If a dataset has exactly one field of datetime
type, it is assumed to be
the timestamp field of the dataset without explicit annotation. However, if
a dataset has multiple timestamp fields, one of those needs to be explicitly
annotated to be the timestamp field.
Here are some examples of valid and invalid datasets:
1from fennel.datasets import dataset, field
2from fennel.lib import meta
3
4@meta(owner="[email protected]")
5@dataset
6class UserValidDataset:
7 uid: int
8 country: str
9 update_time: datetime
python
1from fennel.datasets import dataset, field
2from fennel.lib import meta
3
4@meta(owner="[email protected]")
5@dataset
6class User:
7 uid: Optional[int] = field(key=True)
8 country: str
9 update_time: datetime
python
1from fennel.datasets import dataset, field
2from fennel.lib import meta
3
4@meta(owner="[email protected]")
5@dataset
6class User:
7 uid: int
8 country: str
9 update_time: int
python
1from fennel.datasets import dataset, field
2from fennel.lib import meta
3
4@meta(owner="[email protected]")
5@dataset
6class User:
7 uid: int
8 country: str
9 created_time: datetime
10 updated_time: datetime
python
1from fennel.datasets import dataset, field
2from fennel.lib import meta
3
4@meta(owner="[email protected]")
5@dataset
6class User:
7 uid: int
8 country: str
9 update_time: datetime = field(timestamp=True)
10 signup_time: datetime
python
Index
Keyed datasets can be indexed by setting index
to be True
in the dataset
decorator and indexed datasets can be looked up via the lookup
method on
datasets.
1from fennel.datasets import dataset, field
2
3@dataset(index=True)
4class User:
5 uid: int = field(key=True)
6 dob: datetime
7 country: str
8 update_time: datetime = field(timestamp=True)
python
1from fennel.datasets import dataset
2
3@dataset(index=True)
4class UserValidDataset:
5 uid: int
6 country: str
7 update_time: datetime
python
By default, setting index=True
builds both the online and full historical
offline indices. That can be configured by setting online
and offline
kwargs on the decorator (the default configuration is online
set to True and
offline
set to forever
).
1from fennel.datasets import dataset, field
2
3@dataset(index=True, offline=None)
4class User:
5 uid: int = field(key=True)
6 dob: datetime
7 country: str
8 update_time: datetime = field(timestamp=True)
python
Selectively turning only one of these on can be a good way to save storage and
compute costs. A dataset needs to be indexed with offline
set to forever
for
it to be joinable as the RHS dataset.
Versioning
All Fennel datasets are versioned and each version is immutable. The version of
a dataset can be explicitly specified in the @dataset
decorator as follows:
1@dataset(version=2)
2class Product:
3 pid: int = field(key=True)
4 price: float
5 update_time: datetime = field(timestamp=True)
python
Increasing the version of a dataset can be accompanied with any other changes - changing schema, changing source, change pipeline code, adding/removing index etc. In either scenario, Fennel recomputes the full dataset when the version is incremented.

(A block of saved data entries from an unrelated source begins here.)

lemma ex_permutes_position_order:
  assumes "strict_linear_order_on {1..n} L"
  shows "\<exists>\<pi>. \<pi> permutes {1..n} \<and> Restr (position_order \<pi>) {1..n} = Restr L {1..n}"
proof -
  define S where "S = {1..n}"
  define rank where "rank a = (if a \<in> S then Suc (card {c \<in> S. (c, a) \<in> L}) else a)" for a
  have rank_less_iff: "rank a < rank b \<longleftrightarrow> (a, b) \<in> L" if "a \<in> S" "b \<in> S" for a b
    using card_predecessors_less_iff[of S L a b] assms that by (simp add: S_def rank_def)
  have "inj_on rank S"
    using assms rank_less_iff unfolding S_def strict_linear_order_on_def total_on_def inj_on_def
    by (metis less_irrefl)
  moreover have "rank ` S \<subseteq> S"
  proof
    fix b assume "b \<in> rank ` S"
    then obtain a where a: "a \<in> S" "b = rank a" by blast
    have "{c \<in> S. (c, a) \<in> L} \<subseteq> S - {a}"
      using assms by (auto simp: strict_linear_order_on_def irrefl_def)
    then have "card {c \<in> S. (c, a) \<in> L} \<le> card (S - {a})"
      by (intro card_mono) (simp_all add: S_def)
    also have "\<dots> < n"
      using a(1) by (simp add: S_def)
    finally have "card {c \<in> S. (c, a) \<in> L} < n" .
    then show "b \<in> S" using a by (simp add: S_def rank_def)
  qed
  ultimately have "bij_betw rank S S"
    by (simp add: S_def bij_betw_def endo_inj_surj)
  then have rank_permutes: "rank permutes S"
    by (rule bij_imp_permutes) (simp add: rank_def)
  have "Restr (position_order (inv rank)) S = Restr L S"
    using rank_less_iff
    by (auto simp: position_order_iff[OF permutes_bij[OF permutes_inv[OF rank_permutes]]]
        permutes_inv_inv[OF rank_permutes])
  with permutes_inv[OF rank_permutes] show ?thesis by (auto simp: S_def)
qed
lemma four_le_tree_diam:
  assumes tree: "is_tree V E" and abc: "a \<in> V" "b \<in> V" "c \<in> V" "a \<noteq> b" "a \<noteq> c" "b \<noteq> c"
    and "two_neighbours E a" "two_neighbours E b" "two_neighbours E c"
  shows "4 \<le> tree_diam V E"
proof -
  note connected = is_treeD(2)[OF tree] and acyclic = is_treeD(3)[OF tree]
  have positive: "gdist V E a b \<noteq> 0" "gdist V E b c \<noteq> 0" "gdist V E a c \<noteq> 0"
    using gdist_eq_0_imp_eq[OF connected] abc by blast+
  have "\<not> (gdist V E a b = 1 \<and> gdist V E b c = 1 \<and> gdist V E a c = 1)"
  proof
    assume "gdist V E a b = 1 \<and> gdist V E b c = 1 \<and> gdist V E a c = 1"
    then have "{a, b} \<in> E" "{b, c} \<in> E" "{a, c} \<in> E"
      using gdist_eq_1_imp_edge[OF connected] abc by blast+
    then have "is_cycle V E [a, b, c]"
      using abc unfolding is_cycle_def by (simp add: insert_commute)
    then show False using acyclic by blast
  qed
  then have "2 \<le> gdist V E a b \<or> 2 \<le> gdist V E b c \<or> 2 \<le> gdist V E a c"
    using positive by linarith
  then show ?thesis
  proof (elim disjE)
    assume "2 \<le> gdist V E a b"
    then show ?thesis using gdist_add_2_le_tree_diam[OF tree abc(1,2,4) assms(8,9)] by linarith
  next
    assume "2 \<le> gdist V E b c"
    then show ?thesis using gdist_add_2_le_tree_diam[OF tree abc(2,3,6) assms(9,10)] by linarith
  next
    assume "2 \<le> gdist V E a c"
    then show ?thesis using gdist_add_2_le_tree_diam[OF tree abc(1,3,5) assms(8,10)] by linarith
  qed
qed

lemma is_graph_finite_edges: "is_graph V E \<Longrightarrow> finite E"
  unfolding is_graph_def by (metis Pow_iff finite_Pow_iff finite_subset subsetI)

lemma two_neighbours_if_two_incident_edges:
  assumes "is_graph V E" "e1 \<in> E" "e2 \<in> E" "w \<in> e1" "w \<in> e2" "e1 \<noteq> e2"
  shows "two_neighbours E w"
proof -
  obtain a where "e1 = {w, a}" using is_graph_edge_other_end[OF assms(1,2,4)] .
  moreover obtain b where "e2 = {w, b}" using is_graph_edge_other_end[OF assms(1,3,5)] .
  ultimately show ?thesis unfolding two_neighbours_def using assms(2,3,6) by blast
qed

lemma two_neighbours_if_sdeg_ge_2:
  assumes graph: "is_graph V E" and "2 \<le> sdeg E s w"
  shows "two_neighbours E w"
proof -
  let ?pos = "{e \<in> E. w \<in> e \<and> s e}"
  have "finite ?pos" using is_graph_finite_edges[OF graph] by simp
  moreover have "\<not> card ?pos \<le> Suc 0" using assms(2) unfolding sdeg_def by linarith
  ultimately obtain e1 e2 where "e1 \<in> ?pos" "e2 \<in> ?pos" "e1 \<noteq> e2"
    using card_le_Suc0_iff_eq by blast
  then show ?thesis using two_neighbours_if_two_incident_edges[OF graph] by blast
qed

lemma two_neighbours_if_sdeg_0:
  assumes graph: "is_graph V E" and connected: "connected_graph V E"
    and "w \<in> V" "v \<in> V" "v \<noteq> w" and "sdeg E s w = 0"
  shows "two_neighbours E w"
proof -
  let ?pos = "{e \<in> E. w \<in> e \<and> s e}" and ?neg = "{e \<in> E. w \<in> e \<and> \<not> s e}"
  obtain ws where ws: "is_walk V E ws" "hd ws = w" "last ws = v"
    using connected assms(3,4) unfolding connected_graph_def by blast
  then obtain y where "{w, y} \<in> E"
    using assms(5) by (cases ws rule: remdups_adj.cases) auto
  then have "?pos \<noteq> {} \<or> ?neg \<noteq> {}" by blast
  moreover have "card ?pos = card ?neg" using assms(6) unfolding sdeg_def by linarith
  moreover have "finite ?pos" "finite ?neg" using is_graph_finite_edges[OF graph] by auto
  ultimately have "?pos \<noteq> {}" "?neg \<noteq> {}" by (metis card_0_eq)+
  then obtain e1 e2 where "e1 \<in> ?pos" "e2 \<in> ?neg" by blast
  then show ?thesis using two_neighbours_if_two_incident_edges[OF graph] by blast
qed

section \<open>Trees given by a decreasing parent function\<close>

lemma cycle_two_neighbours:
  assumes cycle: "is_cycle V E cs" and "x \<in> set cs"
  obtains a b where "a \<in> set cs" "b \<in> set cs" "a \<noteq> b" "{x, a} \<in> E" "{x, b} \<in> E"
proof -
  let ?L = "length cs"
  have L: "3 \<le> ?L" and "distinct cs" using cycle unfolding is_cycle_def by simp_all
  have step: "{cs ! j, cs ! Suc j} \<in> E" if "Suc j < ?L" for j
    using cycle that unfolding is_cycle_def is_walk_def by blast
  have "cs \<noteq> []" using L by auto
  then have close: "{cs ! (?L - 1), cs ! 0} \<in> E"
    using cycle unfolding is_cycle_def by (simp add: hd_conv_nth last_conv_nth)
  obtain i where i: "i < ?L" "cs ! i = x" using \<open>x \<in> set cs\<close> by (meson in_set_conv_nth)
  define succ where "succ = (if Suc i = ?L then 0 else Suc i)"
  define pred where "pred = (if i = 0 then ?L - 1 else i - 1)"
  have "succ < ?L" "pred < ?L" "succ \<noteq> pred" using i L unfolding succ_def pred_def by auto
  moreover have "{x, cs ! succ} \<in> E"
  proof (cases "Suc i = ?L")
    case True
    then have "succ = 0" "i = ?L - 1" unfolding succ_def by simp_all
    then show ?thesis using close i(2) by (simp add: insert_commute)
  qed (use step[of i] i in \<open>simp add: succ_def\<close>)
  moreover have "{x, cs ! pred} \<in> E"
    using step[of "i - 1"] close i L unfolding pred_def by (auto simp: insert_commute)
  ultimately show ?thesis
    using that \<open>distinct cs\<close> by (metis nth_eq_iff_index_eq nth_mem)
qed

definition parent_edges :: "nat set \<Rightarrow> nat \<Rightarrow> (nat \<Rightarrow> nat) \<Rightarrow> nat set set" where
  "parent_edges V r p = (\<lambda>v. {v, p v}) ` (V - {r})"

locale parent_tree =
  fixes V :: "nat set" and r :: nat and p :: "nat \<Rightarrow> nat"
  assumes finite_vertices: "finite V" and root_in: "r \<in> V"
    and parent_in: "\<And>v. v \<in> V - {r} \<Longrightarrow> p v \<in> V"
    and parent_less: "\<And>v. v \<in> V - {r} \<Longrightarrow> p v < v"
begin

abbreviation edges :: "nat set set" where "edges \<equiv> parent_edges V r p"

lemma parent_edge: "v \<in> V - {r} \<Longrightarrow> {v, p v} \<in> edges"
  unfolding parent_edges_def by blast

lemma edge_to_smaller_is_parent:
  assumes "{m, y} \<in> edges" "y < m"
  shows "y = p m"
proof -
  obtain v where v: "v \<in> V - {r}" "{m, y} = {v, p v}"
    using assms(1) unfolding parent_edges_def by blast
  then show ?thesis using parent_less[OF v(1)] assms(2) by (auto simp: doubleton_eq_iff)
qed

lemma is_graph: "is_graph V edges"
  unfolding is_graph_def parent_edges_def
  using finite_vertices parent_in parent_less by fastforce

lemma walk_to_root: "v \<in> V \<Longrightarrow> \<exists>ws. is_walk V edges ws \<and> hd ws = v \<and> last ws = r"
proof (induction v rule: less_induct)
  case (less v)
  show ?case
  proof (cases "v = r")
    case True
    then show ?thesis using root_in by (intro exI[of _ "[r]"]) simp
  next
    case False
    then have v: "v \<in> V - {r}" using less.prems by simp
    then obtain ws where ws: "is_walk V edges ws" "hd ws = p v" "last ws = r"
      using less.IH parent_in parent_less by blast
    then have "is_walk V edges (v # ws)"
      using parent_edge[OF v] less.prems by (cases ws) auto
    then show ?thesis using ws by (intro exI[of _ "v # ws"]) (auto simp: is_walk_def)
  qed
qed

The version of a dataset also captures all its ancestry graph. In other words, when the version of a dataset is incremented, the version of all downstream datasets that depend on it must also be incremented, leading to their reconstruction as well.
As of right now, Fennel doesn't support keeping two versions of a dataset alive simultaneously and recommends to either create datasets with different names or run two parallel branches with different versions of the dataset.
Meta Flags
Datasets can be annotated with useful meta information via metaflags - either at the dataset level or at the single field level. To ensure code ownership, Fennel requires every dataset to have an owner. Here is an example:
1from fennel.datasets import dataset, field
2from fennel.lib import meta
3
4@meta(owner="[email protected]", tags=["PII", "experimental"])
5@dataset
6class UserWithMetaFlags:
7 uid: int = field(key=True)
8 height: float = field().meta(description="height in inches")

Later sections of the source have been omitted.